__PROBLEM TO SOLVE__: Only the lines holding the word "subgroup" are wanted; copy each of them from the listing.

==================================================

section \<open>Binary codes of vectors\<close>

text \<open>A natural number codes the vector of its binary digits, so that xor is vector addition;
  \<open>lin_of_cols cs\<close> is the linear map whose \<open>i\<close>-th column is \<open>cs ! i\<close>.\<close>

definition xor_closed :: "nat set \<Rightarrow> bool" where
  "xor_closed A \<longleftrightarrow> 0 \<in> A \<and> (\<forall>x\<in>A. \<forall>y\<in>A. xor x y \<in> A)"

definition xor_linear :: "(nat \<Rightarrow> nat) \<Rightarrow> bool" where
  "xor_linear f \<longleftrightarrow> (\<forall>a b. f (xor a b) = xor (f a) (f b))"

fun lin_of_cols :: "nat list \<Rightarrow> nat \<Rightarrow> nat" where
  "lin_of_cols [] y = 0"
| "lin_of_cols (c # cs) y = xor (if odd y then c else 0) (lin_of_cols cs (y div 2))"

definition xspan :: "nat list \<Rightarrow> nat set" where
  "xspan cs = lin_of_cols cs ` {..<2 ^ length cs}"

lemma xor_less_pow2: "(x::nat) < 2 ^ n \<Longrightarrow> y < 2 ^ n \<Longrightarrow> xor x y < 2 ^ n"
  by (metis take_bit_nat_eq_self_iff take_bit_xor)

lemma xor_linear_zero: "xor_linear f \<Longrightarrow> f 0 = 0"
  unfolding xor_linear_def by (metis xor_self_eq)

lemma xor_linear_funpow: "xor_linear f \<Longrightarrow> xor_linear (f ^^ k)"
  by (induction k) (auto simp: xor_linear_def)

lemma xor_linear_lin_of_cols: "xor_linear (lin_of_cols cs)"
  unfolding xor_linear_def
proof (induction cs)
  case (Cons c cs)
  have div2: "xor a b div 2 = xor (a div 2) (b div 2)" for a b :: nat
    using drop_bit_xor[of 1 a b] by (simp add: drop_bit_eq_div)
  have cancel: "xor c (xor c x) = x" for x :: nat
    by (simp flip: xor.assoc)
  show ?case
  proof (intro allI)
    fix a b :: nat
    show "lin_of_cols (c # cs) (xor a b) = xor (lin_of_cols (c # cs) a) (lin_of_cols (c # cs) b)"
      by (cases "odd a"; cases "odd b")
        (simp_all add: div2 cancel even_xor_iff Cons.IH ac_simps xor.left_commute)
  qed
qed simp

lemma lin_of_cols_comp: "xor_linear f \<Longrightarrow> f (lin_of_cols cs y) = lin_of_cols (map f cs) y"
  by (induction cs arbitrary: y) (auto simp: xor_linear_def xor_linear_zero)

lemma lin_of_cols_less: "(\<forall>c\<in>set cs. c < 2 ^ n) \<Longrightarrow> lin_of_cols cs y < 2 ^ n"
  by (induction cs arbitrary: y) (auto intro: xor_less_pow2)

lemma lin_of_cols_mem: "xor_closed A \<Longrightarrow> set cs \<subseteq> A \<Longrightarrow> lin_of_cols cs y \<in> A"
  by (induction cs arbitrary: y) (auto simp: xor_closed_def)

lemma xspan_less: "\<forall>c\<in>set cs. c < 2 ^ n \<Longrightarrow> xspan cs \<subseteq> {..<2 ^ n}"
  unfolding xspan_def using lin_of_cols_less by blast

lemma xor_closed_image: "xor_linear f \<Longrightarrow> xor_closed A \<Longrightarrow> xor_closed (f ` A)"
  unfolding xor_closed_def xor_linear_def by (auto simp: image_iff) (metis xor_self_eq)+

lemma xor_closed_xspan: "xor_closed (xspan cs)"
  unfolding xspan_def
  by (rule xor_closed_image[OF xor_linear_lin_of_cols]) (simp add: xor_closed_def xor_less_pow2)

lemma cols_subset_xspan: "set cs \<subseteq> xspan cs"
proof
  fix c assume "c \<in> set cs"
  then obtain i where i: "i < length cs" "c = cs ! i" by (metis in_set_conv_nth)
  have "lin_of_cols cs (2 ^ i) = cs ! i" if "i < length cs" for cs i
    using that
  proof (induction cs arbitrary: i)
    case (Cons c cs)
    then show ?case by (cases i) (auto simp: xor_linear_zero[OF xor_linear_lin_of_cols])
  qed simp
  moreover have "2 ^ i < (2::nat) ^ length cs" using i by simp
  ultimately show "c \<in> xspan cs" using i unfolding xspan_def by (metis image_eqI lessThan_iff)
qed

lemma xspan_invariant:
  assumes "xor_linear f" "\<forall>c\<in>set cs. f c \<in> xspan cs" "x \<in> xspan cs"
  shows "f x \<in> xspan cs"
proof -
  obtain y where "x = lin_of_cols cs y" using assms(3) unfolding xspan_def by blast
  then have "f x = lin_of_cols (map f cs) y" using lin_of_cols_comp[OF assms(1)] by simp
  moreover have "set (map f cs) \<subseteq> xspan cs" using assms(2) by auto
  ultimately show ?thesis using lin_of_cols_mem[OF xor_closed_xspan] by simp
qed

lemma card_xspan_le: "card (xspan cs) \<le> 2 ^ length cs"
  unfolding xspan_def using card_image_le[of "{..<2 ^ length cs :: nat}"] by simp
lemma rderiv_add: "rderiv (r + s) = rderiv r + rderiv s"
  by (cases r; cases s) (simp add: rderiv_Fract pderiv_mult pderiv_add algebra_simps)

lemma rderiv_mult: "rderiv (r * s) = rderiv r * s + r * rderiv s"
  by (cases r; cases s) (simp add: rderiv_Fract eq_fract pderiv_mult pderiv_add algebra_simps)

lemma rderiv_uminus: "rderiv (- r) = - rderiv r"
  using rderiv_add[of r "- r"] by (simp add: eq_neg_iff_add_eq_0)

lemma rderiv_diff: "rderiv (r - s) = rderiv r - rderiv s"
  using rderiv_add[of r "- s"] by (simp add: rderiv_uminus)

lemma rderiv_sum: "rderiv (\<Sum>i\<in>A. f i) = (\<Sum>i\<in>A. rderiv (f i))"
  by (induction A rule: infinite_finite_induct) (simp_all add: rderiv_add)

lemma rderiv_rconst_mult: "rderiv (rconst c * r) = rconst c * rderiv r"
  by (simp add: rderiv_mult)

lemma funpow_rderiv_diff: "(rderiv ^^ k) (r - s) = (rderiv ^^ k) r - (rderiv ^^ k) s"
  by (induction k) (simp_all add: rderiv_diff)

lemma funpow_rderiv_sum: "(rderiv ^^ k) (\<Sum>i\<in>A. f i) = (\<Sum>i\<in>A. (rderiv ^^ k) (f i))"
  by (induction k) (simp_all add: rderiv_sum)

lemma funpow_rderiv_rconst_mult: "(rderiv ^^ k) (rconst c * r) = rconst c * (rderiv ^^ k) r"
  by (induction k) (simp_all add: rderiv_rconst_mult)

lemma funpow_rderiv_to_fract: "(rderiv ^^ k) (to_fract p) = to_fract ((pderiv ^^ k) p)"
  by (induction k) simp_all

lemma funpow_rderiv_to_fract_eq_0:
  assumes "degree p < k"
  shows "(rderiv ^^ k) (to_fract p) = 0"
proof -
  have "(pderiv ^^ k) p = 0"
    using assms by (intro poly_eqI) (simp add: coeff_higher_pderiv coeff_eq_0)
  then show ?thesis
    by (simp add: funpow_rderiv_to_fract)
qed

lemma rderiv_eq_to_fract_imp_poly:
  assumes "rderiv r = to_fract P"
  obtains p where "r = to_fract p"
proof -
  obtain p q where pq: "quot_of_fract r = (p, q)"
    by (cases "quot_of_fract r")
  have "q \<noteq> 0" "coprime p q" "r = Fract p q"
    using snd_quot_of_fract_nonzero[of r] coprime_quot_of_fract[of r] Fract_quot_of_fract[of r] pq
    by simp_all
  then have "pderiv p * q - p * pderiv q = P * (q * q)"
    using assms by (simp add: rderiv_Fract to_fract_def eq_fract)
  then have "p * pderiv q = q * (pderiv p - P * q)"
    by (simp add: algebra_simps)
  then have "q dvd pderiv q"
    using \<open>coprime p q\<close> by (metis coprime_commute coprime_dvd_mult_right_iff dvd_triv_left)
  then have "degree q = 0"
    using not_dvd_pderiv by blast
  then obtain c where "q = [:c:]" "c \<noteq> 0"
    using \<open>q \<noteq> 0\<close> by (metis degree_eq_zeroE pCons_0_0)
  then have "r = to_fract (Polynomial.smult (1 / c) p)"
    using \<open>r = Fract p q\<close> by (simp add: to_fract_def eq_fract)
  then show ?thesis
    by (rule that)
qed

lemma rderiv_eq_0_iff: "rderiv r = 0 \<longleftrightarrow> (\<exists>c. r = rconst c)"
proof
  assume "rderiv r = 0"
  then obtain p where p: "r = to_fract p"
    by (metis rderiv_eq_to_fract_imp_poly to_fract_0)
  then have "degree p = 0"
    using \<open>rderiv r = 0\<close> by (simp add: pderiv_eq_0_iff)
  then show "\<exists>c. r = rconst c"
    using p by (metis degree_eq_zeroE rconst_eq_to_fract)
qed auto

lemma funpow_rderiv_eq_0_imp_poly:
  assumes "(rderiv ^^ k) r = 0"
  obtains p where "r = to_fract p"
  using assms
proof (induction k arbitrary: r thesis)
  case 0
  then show ?case
    by (metis funpow_0 to_fract_0)
next
  case (Suc k)
  then obtain P where "rderiv r = to_fract P"
    by (metis funpow_Suc_right o_apply)
  then show ?case
    using Suc.prems(1) by (rule rderiv_eq_to_fract_imp_poly)
qed

lemma wronskian_indep:
  fixes g \<beta> :: "nat \<Rightarrow> real poly fract"
  assumes indep: "\<forall>c. (\<Sum>i=1..m. rconst (c i) * g i) = 0 \<longrightarrow> (\<forall>i\<in>{1..m}. c i = 0)"
    and rows: "\<And>\<mu>. \<mu> < m \<Longrightarrow> (\<Sum>i=1..m. \<beta> i * (rderiv ^^ \<mu>) (g i)) = 0"
  shows "\<forall>i\<in>{1..m}. \<beta> i = 0"
  using indep rows
proof (induction m arbitrary: \<beta>)
  case 0
  then show ?case by simp
next
  case (Suc m)
  have indep_m: "\<forall>c. (\<Sum>i=1..m. rconst (c i) * g i) = 0 \<longrightarrow> (\<forall>i\<in>{1..m}. c i = 0)"
  proof (intro allI impI)
    fix c
    assume sum_0: "(\<Sum>i=1..m. rconst (c i) * g i) = 0"
    have "(\<Sum>i=1..Suc m. rconst ((c(Suc m := 0)) i) * g i) = (\<Sum>i=1..m. rconst (c i) * g i)"
      by (simp add: sum.cl_ivl_Suc rconst_eq_to_fract)
    then have zero: "\<forall>i\<in>{1..Suc m}. (c(Suc m := 0)) i = 0"
      using Suc.prems(1) sum_0 by (simp del: fun_upd_apply)
    show "\<forall>i\<in>{1..m}. c i = 0"
    proof
      fix i :: nat
      assume "i \<in> {1..m}"
      then show "c i = 0"
        using zero[rule_format, of i] by simp
    qed
  qed
  show ?case
  proof (cases "\<beta> (Suc m) = 0")
    case True
    have "(\<Sum>i=1..m. \<beta> i * (rderiv ^^ \<mu>) (g i)) = 0" if "\<mu> < m" for \<mu>
      using Suc.prems(2)[of \<mu>] that True by simp
    then have "\<forall>i\<in>{1..m}. \<beta> i = 0"
      by (rule Suc.IH[OF indep_m])
    then show ?thesis
      using True by (auto simp: le_Suc_eq)
  next
    case False
    define \<gamma> where "\<gamma> i = \<beta> i / \<beta> (Suc m)" for i
    have \<gamma>_last: "\<gamma> (Suc m) = 1"
      using False by (simp add: \<gamma>_def)
    have \<gamma>_rows: "(\<Sum>i=1..Suc m. \<gamma> i * (rderiv ^^ \<mu>) (g i)) = 0" if "\<mu> < Suc m" for \<mu>
      using Suc.prems(2)[OF that] by (simp add: \<gamma>_def flip: sum_divide_distrib)
    \<comment> \<open>differentiating row \<open>\<mu>\<close> and subtracting row \<open>\<mu> + 1\<close> leaves a system of size \<open>m\<close> for the \<open>\<gamma>' i\<close>\<close>
    have "(\<Sum>i=1..m. rderiv (\<gamma> i) * (rderiv ^^ \<mu>) (g i)) = 0" if "\<mu> < m" for \<mu>
    proof -
      have "0 = rderiv (\<Sum>i=1..Suc m. \<gamma> i * (rderiv ^^ \<mu>) (g i))"
        using \<gamma>_rows[of \<mu>] that by simp
      also have "\<dots> = (\<Sum>i=1..Suc m. rderiv (\<gamma> i) * (rderiv ^^ \<mu>) (g i))
          + (\<Sum>i=1..Suc m. \<gamma> i * (rderiv ^^ Suc \<mu>) (g i))"
        by (simp only: rderiv_sum rderiv_mult sum.distrib funpow.simps o_apply)
      also have "(\<Sum>i=1..Suc m. \<gamma> i * (rderiv ^^ Suc \<mu>) (g i)) = 0"
        using \<gamma>_rows[of "Suc \<mu>"] that by simp
      finally have "(\<Sum>i=1..Suc m. rderiv (\<gamma> i) * (rderiv ^^ \<mu>) (g i)) = 0"
        by simp
      then show ?thesis
        using \<gamma>_last by simp
    qed
    then have "\<forall>i\<in>{1..m}. rderiv (\<gamma> i) = 0"
      by (rule Suc.IH[OF indep_m])
    then have "\<forall>i\<in>{1..m}. \<exists>c. \<gamma> i = rconst c"
      by (simp add: rderiv_eq_0_iff)
    then obtain c where c: "\<forall>i\<in>{1..m}. \<gamma> i = rconst (c i)"
      by (rule bchoice[elim_format]) blast
    define c' where "c' = c(Suc m := 1)"
    have "(\<Sum>i=1..Suc m. rconst (c' i) * g i) = (\<Sum>i=1..Suc m. \<gamma> i * (rderiv ^^ 0) (g i))"
      using c \<gamma>_last by (intro sum.cong) (auto simp: c'_def le_Suc_eq)
    also have "\<dots> = 0"
      using \<gamma>_rows[of 0] by simp
    finally have "\<forall>i\<in>{1..Suc m}. c' i = 0"
      using Suc.prems(1) by blast
    then have "c' (Suc m) = 0"
      by simp
    then show ?thesis
      by (simp add: c'_def)
  qed
qed

section \<open>Linear recurrences and their generating series\<close>

definition char_poly :: "(nat \<Rightarrow> real) \<Rightarrow> nat \<Rightarrow> real poly" where
  "char_poly a n = monom 1 n - (\<Sum>i=1..n. monom (a i) (n - i))"

text \<open>\<open>poly_shift C y\<close> is \<open>C(E) y\<close> for the shift operator \<open>(E y) t = y (t + 1)\<close>, and
  \<open>init_poly C y\<close> is the polynomial part of \<open>C(z) Y(z)\<close> for \<open>Y(z) = \<Sum>t. y t / z ^ (t + 1)\<close>;
  see \<open>sums_poly_shift\<close>.\<close>

definition poly_shift :: "real poly \<Rightarrow> (nat \<Rightarrow> real) \<Rightarrow> nat \<Rightarrow> real" where
  "poly_shift C y s = (\<Sum>j\<le>degree C. coeff C j * y (s + j))"

definition init_poly :: "real poly \<Rightarrow> (nat \<Rightarrow> real) \<Rightarrow> real poly" where
  "init_poly C y = (\<Sum>j\<le>degree C. Polynomial.smult (coeff C j) (\<Sum>t<j. monom (y t) (j - t - 1)))"

lemma sums_shift_gen_series:
  fixes z :: real
  assumes z: "z \<noteq> 0" and S: "(\<lambda>t. y t / z ^ (t + 1)) sums S"
  shows "(\<lambda>s. y (s + j) / z ^ (s + 1)) sums (z ^ j * S - (\<Sum>t<j. y t * z ^ (j - t - 1)))"
proof -
  have "(\<lambda>s. z ^ j * (y (s + j) / z ^ (s + j + 1))) sums (z ^ j * (S - (\<Sum>t<j. y t / z ^ (t + 1))))"
    using sums_iff_shift[of "\<lambda>t. y t / z ^ (t + 1)" j] S by (intro sums_mult) simp
  moreover have "z ^ j * (y (s + j) / z ^ (s + j + 1)) = y (s + j) / z ^ (s + 1)" for s
    using z by (simp add: power_add field_simps)
  moreover have "z ^ j * (y t / z ^ (t + 1)) = y t * z ^ (j - t - 1)" if "t < j" for t
  proof -
    have "j = (j - t - 1) + (t + 1)"
      using that by simp
    then have "z ^ j = z ^ (j - t - 1) * z ^ (t + 1)"
      by (metis power_add)
    then show ?thesis
      using z by (simp add: field_simps)
  qed
  ultimately show ?thesis
    by (simp add: right_diff_distrib sum_distrib_left)
qed

lemma sums_poly_shift:
  fixes z :: real
  assumes "z \<noteq> 0" and "(\<lambda>t. y t / z ^ (t + 1)) sums S"
  shows "(\<lambda>s. poly_shift C y s / z ^ (s + 1)) sums (poly C z * S - poly (init_poly C y) z)"
proof -
  have "(\<lambda>s. \<Sum>j\<le>degree C. coeff C j * (y (s + j) / z ^ (s + 1))) sums
        (\<Sum>j\<le>degree C. coeff C j * (z ^ j * S - (\<Sum>t<j. y t * z ^ (j - t - 1))))"
    by (intro sums_sum sums_mult sums_shift_gen_series assms)
  moreover have "(\<Sum>j\<le>degree C. coeff C j * (z ^ j * S - (\<Sum>t<j. y t * z ^ (j - t - 1))))
      = poly C z * S - poly (init_poly C y) z"
    by (simp add: init_poly_def poly_altdef[of C] poly_sum poly_monom right_diff_distrib sum_subtractf
        sum_distrib_left sum_distrib_right mult_ac)
  ultimately show ?thesis
    by (simp add: poly_shift_def sum_divide_distrib)
qed

lemma poly_mult_gen_series_eq_init_poly:
  fixes z :: real
  assumes "\<And>s. poly_shift C y s = 0" and "z \<noteq> 0" and "(\<lambda>t. y t / z ^ (t + 1)) sums S"
  shows "poly C z * S = poly (init_poly C y) z"
proof -
  have "(\<lambda>s. 0) sums (poly C z * S - poly (init_poly C y) z)"
    using sums_poly_shift[OF assms(2,3), of C] assms(1) by simp
  then show ?thesis
    using sums_unique2[OF _ sums_zero] by fastforce
qed

lemma coeff_char_poly:
  "coeff (char_poly a n) j = (if j = n then 1 else if j < n then - a (n - j) else 0)"
proof -
  have "(\<Sum>i=1..n. coeff (monom (a i) (n - i)) j) = (\<Sum>i=1..n. if i = n - j then a i else 0)"
    by (rule sum.cong) auto
  also have "\<dots> = (if j < n then a (n - j) else 0)"
    by (auto simp: sum.delta')
  finally show ?thesis
    unfolding char_poly_def coeff_diff coeff_sum by auto
qed

lemma degree_char_poly [simp]: "degree (char_poly a n) = n"
  by (rule antisym, rule degree_le) (auto simp: coeff_char_poly intro: le_degree)

lemma char_poly_neq_0 [simp]: "char_poly a n \<noteq> 0"
  using coeff_char_poly[of a n n] by auto

lemma poly_shift_char_poly:
  "poly_shift (char_poly a n) y s = y (s + n) - (\<Sum>i=1..n. a i * y (s + n - i))"
proof -
  have "poly_shift (char_poly a n) y s = (\<Sum>j<n. coeff (char_poly a n) j * y (s + j)) + y (s + n)"
    by (simp add: poly_shift_def lessThan_Suc_atMost[symmetric] coeff_char_poly)
  also have "(\<Sum>j<n. coeff (char_poly a n) j * y (s + j)) = - (\<Sum>j<n. a (n - j) * y (s + j))"
    by (simp add: coeff_char_poly sum_negf[symmetric])
  also have "(\<Sum>j<n. a (n - j) * y (s + j)) = (\<Sum>i=1..n. a i * y (s + n - i))"
    by (rule sum.reindex_bij_witness[of _ "\<lambda>i. n - i" "\<lambda>j. n - j"]) auto
  finally show ?thesis
    by simp
qed

lemma coeff_init_poly:
  "coeff (init_poly C y) d = (\<Sum>j\<le>degree C. coeff C j * (\<Sum>t<j. if j - t - 1 = d then y t else 0))"
  by (simp add: init_poly_def coeff_sum)

lemma degree_init_poly_less:
  assumes "0 < degree C"
  shows "degree (init_poly C y) < degree C"
proof -
  have "degree (init_poly C y) \<le> degree C - 1"
    by (rule degree_le) (auto simp: coeff_init_poly intro!: sum.neutral)
  then show ?thesis
    using assms by linarith
qed
lemma rack_of_equivariant:
  assumes \<Lambda>: "\<Lambda> \<in> Fol_r G R" and y: "y \<in> X" and h: "h \<in> G"
  shows "rack_of R g \<Lambda> (h y) = conj (rack_of R g \<Lambda> y) h"
proof -
  define r where "r = rep y"
  have r: "r \<in> R" "y \<in> orbit G r" "g y \<in> G" "g y r = y"
    using rep_in_reps[OF y] in_orbit_rep[OF y] transversal_in_G[OF y] transversal_apply_rep[OF y]
    unfolding r_def by auto
  have hy: "h y \<in> orbit G r" "rep (h y) = r" "g (h y) \<in> G" "g (h y) r = h y"
    using orbit_closed[OF subgroup r(2) h] rep_eq[OF r(1)] transversal r(1) by auto
  \<comment> \<open>both \<open>g (h y)\<close> and \<open>h \<circ> g y\<close> carry \<open>r\<close> to \<open>h y\<close>\<close>
  define k where "k = inv (g (h y)) \<circ> h \<circ> g y"
  have "k \<in> stab G r"
    using r hy h perm_subgroup_comp[OF subgroup] perm_subgroup_inv[OF subgroup]
      G_permutes[THEN permutes_inverses(2)]
    unfolding k_def stab_def by simp
  then have ck: "conj (\<Lambda> r) k = \<Lambda> r"
    using conj_centralizer_eq[OF Fol_r_centralizer[OF \<Lambda> r(1)]] G_bij by (simp add: stab_def)
  have "h \<circ> g y = g (h y) \<circ> k"
    unfolding k_def using G_permutes[OF hy(3)]
    by (simp add: comp_assoc[symmetric] permutes_inv_o(1))
  then have "conj (rack_of R g \<Lambda> y) h = conj (conj (\<Lambda> r) k) (g (h y))"
    using G_bij r(3) h hy(3) \<open>k \<in> stab G r\<close>
    by (simp add: rack_of_def r_def[symmetric] conj_conj stab_def)
  then show ?thesis
    by (simp add: ck rack_of_def hy(2))
qed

==================================================

__EXPECTED OUTPUT__:
    using orbit_closed[OF subgroup r(2) h] rep_eq[OF r(1)] transversal r(1) by auto
    using r hy h perm_subgroup_comp[OF subgroup] perm_subgroup_inv[OF subgroup]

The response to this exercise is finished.